The Pacific Islands Political Studies Association (PIPSA) is an international academic body dedicated to the study of Pacific Islands states and territories, focusing on their societies, politics, systems of government, international relations and geopolitics.

== Leadership ==
The current executive, as of March 2025, is:
President:
Professor Transform Aqorau, Vice-Chancellor, Solomon Islands National University.
Immediate Past President:
Professor Stephanie Lawson, Macquarie University.
Vice-Presidents:
Dr Mercy Masta, Australian National University.
Dr Anthony Tutugoro, L’université de la Nouvelle-Calédonie.
Secretary:
Ms Mengdi Zhang, Victoria University of Wellington.
Executive Committee Members:
Associate Professor Nicole George, University of Queensland.
Mr Priestley Habru, University of Adelaide.
Mr Romitesh Kant, Australian National University.
Associate Professor Anna Powles, Massey University.

== History ==

The first ever event was at Brigham Young University (BYU) campus in Hawaii in 1987 where a conference was held among a group of scholars of the Pacific Islands who recognised the need to stimulate and coordinate research and other academic activities to develop knowledge and understanding of the region. The name 'Pacific Island Political Studies Association' originated at that meeting.

== Membership ==
While the majority of PIPSA’s members are academics, members also come from the ranks of aid workers, business people, the clergy, military officers, politicians and public servants. Membership of PIPSA is informal and calculated on attendance at PIPSA conferences. At the 2025 conference, held at Victoria University of Wellington, NZ, in February 2025 there were approximately 200 attendees, some 85 of whom delivered presentations.

== Activities ==
PIPSA’s principal activity is a biennial conference held at different locations around the Pacific. PIPSA Conferences have so far been held in Hawai'i, Australia, the Cook Islands, Guam, Palau, New Caledonia, New Zealand, Samoa, Tahiti and Niue. The next conference is expected to be held at the Solomon Islands National University in 2027.

== Publications ==
Papers from the PIPSA conference held in Rarotonga in 1993 were published in a volume called New Politics in the South Pacific (1994).
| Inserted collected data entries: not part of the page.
(* Let $V$ be a finite-dimensional complex vector space and let $A(u),A'(u):\mathbb C\to GL(V)$ be rational functions, both of the form $1+A_0u^{-1}+O(u^{-2})$ near $\infty$ (with the same $A_0$), such that the difference equations $\phi(u+1)=A(u)\phi(u)$ and $\phi(u+1)=A'(u)\phi(u)$ admit canonical fundamental solutions and have equal connection matrices. Let $\mathcal P,\mathcal Z\subset\mathbb C$ be the sets of poles of $A(u)$ and $A(u)^{-1}$, and $\mathcal P',\mathcal Z'$ those of $A'(u)$ and $A'(u)^{-1}$. If each of the pairs $(\mathcal Z,\mathcal P)$, $(\mathcal Z',\mathcal P')$, $(\mathcal Z,\mathcal Z')$, $(\mathcal P,\mathcal P')$ is non-congruent, then $A=A'$.
   Context: Two subsets $X,Y\subset\mathbb C$ are non-congruent if $x-y\notin\mathbb Z\setminus\{0\}$ for all $x\in X$, $y\in Y$. For a rational $A(u)=1+A_0u^{-1}+\cdots$, canonical fundamental solutions of $\phi(u+1)=A(u)\phi(u)$ are meromorphic solutions $\phi^\pm:\mathbb C\to\mathrm{End}(V)$ that are holomorphic and invertible for $\pm\mathrm{Re}(u)\gg0$ and have asymptotic expansions $\phi^\pm(u)\sim(1+H^\pm_0u^{-1}+H^\pm_1u^{-2}+\cdots)(\pm u)^{A_0}$ in every right (resp. left) half-plane (principal branch of $\log$); they exist and are unique when the system is non-resonant (e.g. when all $A(u)$ commute). The connection matrix is $S(u)=\phi^+(u)^{-1}\phi^-(u)$. *)

theory Defs
  imports "HOL-Complex_Analysis.Complex_Analysis" "HOL-Computational_Algebra.Polynomial"
begin

text \<open>End(V) for V = complex^'n is represented by complex^'n^'n, composition by **.\<close>

type_synonym 'n cmat = "complex ^ 'n ^ 'n"

definition smat :: "complex \<Rightarrow> 'n cmat \<Rightarrow> 'n::finite cmat" where
  "smat c M = (\<chi> i j. c * M $ i $ j)"

fun matpow :: "'n::finite cmat \<Rightarrow> nat \<Rightarrow> 'n cmat" where
  "matpow M 0 = mat 1"
| "matpow M (Suc k) = M ** matpow M k"

definition mexp :: "'n::finite cmat \<Rightarrow> 'n cmat" where
  "mexp M = (\<Sum>k. smat (1 / of_nat (fact k)) (matpow M k))"

text \<open>Rational scalar function (values at the zeros of the denominator are irrelevant).\<close>
definition rational_fun :: "(complex \<Rightarrow> complex) \<Rightarrow> bool" where
  "rational_fun f \<longleftrightarrow> (\<exists>p q. q \<noteq> 0 \<and> (\<forall>u. poly q u \<noteq> 0 \<longrightarrow> f u = poly p u / poly q u))"

definition rational_GL :: "(complex \<Rightarrow> 'n::finite cmat) \<Rightarrow> bool" where
  "rational_GL A \<longleftrightarrow> (\<forall>i j. rational_fun (\<lambda>u. A u $ i $ j)) \<and> finite {u. \<not> invertible (A u)}"

definition normalized_at_infty :: "(complex \<Rightarrow> 'n::finite cmat) \<Rightarrow> 'n cmat \<Rightarrow> bool" where
  "normalized_at_infty A A0 \<longleftrightarrow>
     (\<exists>C. \<forall>\<^sub>F u in at_infinity. norm (A u - mat 1 - smat (1 / u) A0) \<le> C / norm u ^ 2)"

definition poles_mat :: "(complex \<Rightarrow> 'n::finite cmat) \<Rightarrow> complex set" where
  "poles_mat A = {z. \<exists>i j. is_pole (\<lambda>u. A u $ i $ j) z}"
The fifth PIPSA conference, held in Palau in 1996, resulted in the publication of Leadership in the Pacific Islands: Tradition and the Future (1998), edited by Don Shuster, Peter Lamour and Karin von Strokirch (subsidized by Palauan chief Roman Tmetuchl).

Following the 2016 conference in Niue, a special issue on 'Pacific Regional Politics', edited by Stephanie Lawson, was published in The Round Table, 106 (2), 2017.